Production also rose 145,000 barrels of oil equivalent/day year on year, arriving at 1.14mn boe/d, thanks to Chevron's takeover of Houston-based Noble Energy last year and reduced curtailment, offset by a 68,000 boe/d drop in output at the company's US Appalachian fields as a result of natural decline.

Downstream earnings came in at $839mn, versus a loss of $1.01bn a year earlier, as margins improved on refined products and sales increased. 

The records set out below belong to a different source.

lemma admissible_L2_limit:
  fixes g :: "nat \<Rightarrow> real \<Rightarrow> real"
  assumes g: "\<And>k. admissible (g k)" and [measurable]: "f \<in> borel_measurable lborel"
    and f2: "set_integrable lborel D (\<lambda>s. (f s)\<^sup>2)"
    and L2: "(\<lambda>k. LINT s:D|lborel. (g k s - f s)\<^sup>2) \<longlonglongrightarrow> 0"
  shows "admissible f"
proof -
  have [measurable]: "g k \<in> borel_measurable lborel" and g2: "set_integrable lborel D (\<lambda>s. (g k s)\<^sup>2)" for k
    using g unfolding admissible_def by simp_all
  have "eventually (\<lambda>n. \<forall>t\<in>D. \<bar>LINT s:{0..t}|lborel. h n s * f s\<bar> \<le> e) sequentially"
    if "e > 0" for e
  proof -
    define l where "l = e / (4 * max C 1)"
    have "l > 0" "l * C \<le> e / 4"
      using \<open>e > 0\<close> by (auto simp: l_def field_simps mult_left_mono)
    obtain k where "(LINT s:D|lborel. (g k s - f s)\<^sup>2) < e * l / 2"
      using order_tendstoD(2)[OF L2, of "e * l / 2"] \<open>e > 0\<close> \<open>l > 0\<close>
      by (auto simp: eventually_sequentially)
    with \<open>l > 0\<close> have "(LINT s:D|lborel. (g k s - f s)\<^sup>2) / l \<le> e / 2"
      by (simp add: divide_le_eq)
    with \<open>l * C \<le> e / 4\<close> have "(l * C + (LINT s:D|lborel. (g k s - f s)\<^sup>2) / l) / 2 \<le> (e / 4 + e / 2) / 2"
      by (intro divide_right_mono add_mono) auto
    also have "\<dots> \<le> e / 2"
      using \<open>e > 0\<close> by simp
    finally have approx: "(l * C + (LINT s:D|lborel. (g k s - f s)\<^sup>2) / l) / 2 \<le> e / 2" .
    have "eventually (\<lambda>n. \<forall>t\<in>D. \<bar>LINT s:{0..t}|lborel. h n s * g k s\<bar> \<le> e/2) sequentially"
      using admissibleD[OF g[of k], of "e/2"] \<open>e > 0\<close> by simp
    with h_square_integral_bounded show ?thesis
    proof eventually_elim
      case (elim n)
      show ?case
      proof
        fix t assume "t \<in> D"
        with elim \<open>l > 0\<close> have "\<bar>LINT s:{0..t}|lborel. h n s * f s\<bar> \<le>
            \<bar>LINT s:{0..t}|lborel. h n s * g k s\<bar> + (l * C + (LINT s:D|lborel. (g k s - f s)\<^sup>2) / l) / 2"
          by (intro abs_primitive_mult_le f2 g2) auto
        moreover have "\<bar>LINT s:{0..t}|lborel. h n s * g k s\<bar> \<le> e / 2"
          using elim \<open>t \<in> D\<close> by blast
        ultimately show "\<bar>LINT s:{0..t}|lborel. h n s * f s\<bar> \<le> e"
          using approx by linarith
      qed
    qed
  qed
  with f2 show ?thesis
    unfolding admissible_def by simp
qed

lemma admissible_dominated_limit:
  fixes g :: "nat \<Rightarrow> real \<Rightarrow> real" and f G :: "real \<Rightarrow> real"
  assumes g: "\<And>k. admissible (g k)" and f [measurable]: "f \<in> borel_measurable lborel"
    and lim: "\<And>s. s \<in> D \<Longrightarrow> (\<lambda>k. g k s) \<longlonglongrightarrow> f s"
    and G2: "set_integrable lborel D (\<lambda>s. (G s)\<^sup>2)"
    and bound: "\<And>k s. s \<in> D \<Longrightarrow> \<bar>g k s\<bar> \<le> G s"
  shows "admissible f"
proof -
  have [measurable]: "g k \<in> borel_measurable lborel" for k
    using g unfolding admissible_def by simp
  have f_bound: "\<bar>f s\<bar> \<le> G s" if "s \<in> D" for s
    using LIMSEQ_le_const2[OF tendsto_rabs[OF lim[OF that]]] bound[OF that] by blast
  have f2: "set_integrable lborel D (\<lambda>s. (f s)\<^sup>2)"
  proof (rule set_integrable_bound[OF G2])
    show "set_borel_measurable lborel D (\<lambda>s. (f s)\<^sup>2)"
      unfolding set_borel_measurable_def by measurable
    have "(f s)\<^sup>2 \<le> (G s)\<^sup>2" if "s \<in> D" for s
      by (metis abs_ge_zero f_bound[OF that] power2_abs power_mono)
    then show "AE s in lborel. s \<in> D \<longrightarrow> norm ((f s)\<^sup>2) \<le> norm ((G s)\<^sup>2)"
      by auto
  qed
  have "(\<lambda>k. LINT s:D|lborel. (g k s - f s)\<^sup>2) \<longlonglongrightarrow> 0"
  proof (rule set_integral_square_diff_tendsto_0[OF lim])
    show "set_integrable lborel D (\<lambda>s. (2 * G s)\<^sup>2)"
      using G2 by (simp add: power_mult_distrib)
    show "\<bar>g k s - f s\<bar> \<le> 2 * G s" if "s \<in> D" for k s
      using bound[OF that, of k] f_bound[OF that] by linarith
  qed (use sets_D in simp_all)
  then show ?thesis
    by (rule admissible_L2_limit[OF g f f2])
qed

lemma admissible_indicator_interval: "admissible (indicator {a..b})"
proof -
  have "integrable lborel (indicator {a..b} :: real \<Rightarrow> real)"
    by (simp add: integrable_indicator_iff emeasure_lborel_Icc_eq)
  then have "set_integrable lborel D (\<lambda>s. (indicator {a..b} s :: real)\<^sup>2)"
    unfolding set_integrable_def
    by (rule Bochner_Integration.integrable_bound) (auto simp: indicator_def)
  moreover have "eventually (\<lambda>n. \<forall>t\<in>D. \<bar>LINT s:{0..t}|lborel. h n s * indicator {a..b} s\<bar> \<le> e) sequentially"
    if "e > 0" for e
    using h_square_integral_bounded primitives_vanish[OF half_gt_zero[OF \<open>e > 0\<close>]]
  proof eventually_elim
    case (elim n)
    show ?case
    proof
      fix t assume "t \<in> D"
      define u v where "u = max 0 a" and "v = min t b"
      have restrict: "(LINT s:{0..t}|lborel. h n s * indicator {a..b} s) = (LINT s:{u..v}|lborel. h n s)"
        unfolding set_lebesgue_integral_def u_def v_def
        by (rule Bochner_Integration.integral_cong) (auto simp: indicator_def)
      show "\<bar>LINT s:{0..t}|lborel. h n s * indicator {a..b} s\<bar> \<le> e"
      proof (cases "u \<le> v")
        case False
        then show ?thesis
          using \<open>e > 0\<close> unfolding restrict by (simp add: set_lebesgue_integral_def)
      next
        case True
        have "0 \<le> u" "v \<le> t"
          unfolding u_def v_def by auto
        then have "u \<in> D" "v \<in> D"
          using atLeastAtMost_subset[OF \<open>t \<in> D\<close>] True by auto
        have "set_integrable lborel {0..t} (h n)"
          using set_integrable_h elim \<open>t \<in> D\<close> by blast
        then have "(LINT s:{u..v}|lborel. h n s) = (LINT s:{0..v}|lborel. h n s) - (LINT s:{0..u}|lborel. h n s)"
          using \<open>0 \<le> u\<close> True \<open>v \<le> t\<close> by (rule set_integral_Icc_diff)
        moreover have "\<bar>LINT s:{0..v}|lborel. h n s\<bar> \<le> e/2" "\<bar>LINT s:{0..u}|lborel. h n s\<bar> \<le> e/2"
          using elim \<open>u \<in> D\<close> \<open>v \<in> D\<close> by auto
        ultimately show ?thesis
          unfolding restrict by linarith
      qed
    qed
  qed
  ultimately show ?thesis
    unfolding admissible_def by simp
qed

lemma admissible_indicator_disjoint_UN:
  fixes A :: "nat \<Rightarrow> real set"
  assumes "disjoint_family A" and IH: "\<And>i. admissible (indicator (A i \<inter> {-K..K}))"
    and "(\<Union>i. A i) \<in> sets borel"
  shows "admissible (indicator ((\<Union>i. A i) \<inter> {-K..K}))"
proof (rule admissible_dominated_limit[where g = "\<lambda>k s. \<Sum>i<k. indicator (A i \<inter> {-K..K}) s"])
  have disj: "A i \<inter> {-K..K} \<inter> (A j \<inter> {-K..K}) = {}" if "i \<noteq> j" for i j
    using \<open>disjoint_family A\<close> that unfolding disjoint_family_on_def by auto
  show "admissible (\<lambda>s. \<Sum>i<k. indicator (A i \<inter> {-K..K}) s)" for k
    by (rule admissible_sum) (auto intro: IH)
  show "indicator ((\<Union>i. A i) \<inter> {-K..K}) \<in> borel_measurable lborel"
    using \<open>(\<Union>i. A i) \<in> sets borel\<close> by simp
  show "(\<lambda>k. \<Sum>i<k. indicator (A i \<inter> {-K..K}) s) \<longlonglongrightarrow> (indicator ((\<Union>i. A i) \<inter> {-K..K}) s :: real)" for s
    using indicator_sums[of "\<lambda>i. A i \<inter> {-K..K}", OF disj, of s] by (simp add: sums_def Int_UN_distrib2)
  show "set_integrable lborel D (\<lambda>s. (indicator {-K..K} s :: real)\<^sup>2)"
    using admissible_indicator_interval unfolding admissible_def by auto
  show "\<bar>\<Sum>i<k. indicator (A i \<inter> {-K..K}) s\<bar> \<le> (indicator {-K..K} s :: real)" for k s
  proof -
    have "(\<Sum>i<k. indicator (A i \<inter> {-K..K}) s) = (indicator (\<Union>i<k. A i \<inter> {-K..K}) s :: real)"
      using disj by (intro indicator_UN_disjoint[symmetric]) (auto simp: disjoint_family_on_def)
    then show ?thesis
      by (auto simp: indicator_def)
  qed
qed

lemma admissible_indicator_bounded_borel:
  assumes "A \<in> sets borel"
  shows "admissible (indicator (A \<inter> {-K..K}))"
proof -
  define I where "I = range (\<lambda>(a, b). {a..b::real})"
  have "sets borel = sigma_sets UNIV I"
    unfolding I_def by (subst borel_eq_atLeastAtMost) (rule sets_measure_of, simp)
  have "Int_stable I"
    unfolding Int_stable_def I_def by (auto intro!: image_eqI[where x="(max _ _, min _ _)"])
  moreover have "I \<subseteq> Pow UNIV"
    by simp
  moreover have "A \<in> sigma_sets UNIV I"
    using assms \<open>sets borel = sigma_sets UNIV I\<close> by simp
  ultimately show ?thesis
  proof (induction rule: sigma_sets_induct_disjoint)
    case (basic A)
    then show ?case
      using admissible_indicator_interval by (auto simp: I_def Int_atLeastAtMost)
  next
    case empty
    then show ?case
      using admissible_zero by (simp add: indicator_def)
  next
    case (compl A)
    have "indicator ((UNIV - A) \<inter> {-K..K}) =
        (\<lambda>s::real. indicator {-K..K} s + (-1) * indicator (A \<inter> {-K..K}) s :: real)"
      by (auto simp: indicator_def)
    then show ?case
      using admissible_add[OF admissible_indicator_interval[of "-K" K] admissible_cmult[OF compl.IH, of "-1"]]
      by simp
  next
    case (union A)
    have "range A \<subseteq> sets borel"
      using union.hyps(2) \<open>sets borel = sigma_sets UNIV I\<close> by simp
    then have "(\<Union>i. A i) \<in> sets borel"
      by auto
    with union.hyps(1) union.IH show ?case
      by (rule admissible_indicator_disjoint_UN)
  qed
qed

lemma admissible_truncated_simple_function:
  assumes F: "simple_function lborel F"
  shows "admissible (\<lambda>s. indicator {-K..K} s * F s)"
proof -
  have "(\<lambda>s. indicator {-K..K} s * F s) = (\<lambda>s. \<Sum>y\<in>F ` UNIV. y * indicator (F -` {y} \<inter> {-K..K}) s)"
  proof
    fix s
    have "F s = (\<Sum>y\<in>F ` space lborel. indicator (F -` {y} \<inter> space lborel) s *\<^sub>R y)"
      by (rule simple_function_indicator_representation_banach[OF F]) simp
    then have "indicator {-K..K} s * F s =
        (\<Sum>y\<in>F ` space lborel. indicator {-K..K} s * (indicator (F -` {y} \<inter> space lborel) s *\<^sub>R y))"
      by (simp only: sum_distrib_left)
    also have "\<dots> = (\<Sum>y\<in>F ` UNIV. y * indicator (F -` {y} \<inter> {-K..K}) s)"
      by (auto intro!: sum.cong simp: indicator_def)
    finally show "indicator {-K..K} s * F s = (\<Sum>y\<in>F ` UNIV. y * indicator (F -` {y} \<inter> {-K..K}) s)" .
  qed
  moreover have "admissible (\<lambda>s. \<Sum>y\<in>F ` UNIV. y * indicator (F -` {y} \<inter> {-K..K}) s)"
  proof (rule admissible_sum)
    show "finite (F ` UNIV)"
      using simple_functionD(1)[OF F] by simp
    show "admissible (\<lambda>s. y * indicator (F -` {y} \<inter> {-K..K}) s)" for y
      using simple_functionD(2)[OF F, of "{y}"]
      by (intro admissible_cmult admissible_indicator_bounded_borel) simp
  qed
  ultimately show ?thesis
    by (simp only:)
qed

lemma admissible_truncation:
  assumes [measurable]: "f \<in> borel_measurable lborel" and f2: "set_integrable lborel D (\<lambda>s. (f s)\<^sup>2)"
  shows "admissible (\<lambda>s. indicator {-K..K} s * f s)"
proof -
  obtain F where F: "\<And>i. simple_function lborel (F i)" "\<And>s. (\<lambda>i. F i s) \<longlonglongrightarrow> f s"
    "\<And>i s. dist (F i s) 0 \<le> 2 * dist (f s) 0"
    using borel_measurable_implies_sequence_metric[OF assms(1), of 0] by auto
  show ?thesis
  proof (rule admissible_dominated_limit[where g = "\<lambda>i s. indicator {-K..K} s * F i s" and G = "\<lambda>s. 2 * \<bar>f s\<bar>"])
    show "admissible (\<lambda>s. indicator {-K..K} s * F i s)" for i
      using F(1) by (rule admissible_truncated_simple_function)
    show "(\<lambda>s. indicator {-K..K} s * f s) \<in> borel_measurable lborel"
      by measurable
    show "(\<lambda>i. indicator {-K..K} s * F i s) \<longlonglongrightarrow> indicator {-K..K} s * f s" for s
      by (intro tendsto_mult_left F(2))
    show "set_integrable lborel D (\<lambda>s. (2 * \<bar>f s\<bar>)\<^sup>2)"
      using f2 by (simp add: power_mult_distrib)
    show "\<bar>indicator {-K..K} s * F i s\<bar> \<le> 2 * \<bar>f s\<bar>" for i s
      using F(3)[of i s] by (auto simp: indicator_def abs_mult)
  qed
qed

"Second quarter earnings were strong, reflecting improved market conditions, combined with transformation benefits and merger synergies," Chevron CEO Mike Wirth commented. "Our free cash flow was the highest in two years due to solid operational and financial performance and lower capital spending."

Cash flow from operations in the first half of the year reached $11.2bn, compared with $4.8bn a year earlier. Despite boosting rewards for shareholders, Chevron has kept a lid on spending, with year-to-date capital expenditure down 32% from the same period in 2020 at $5.3bn.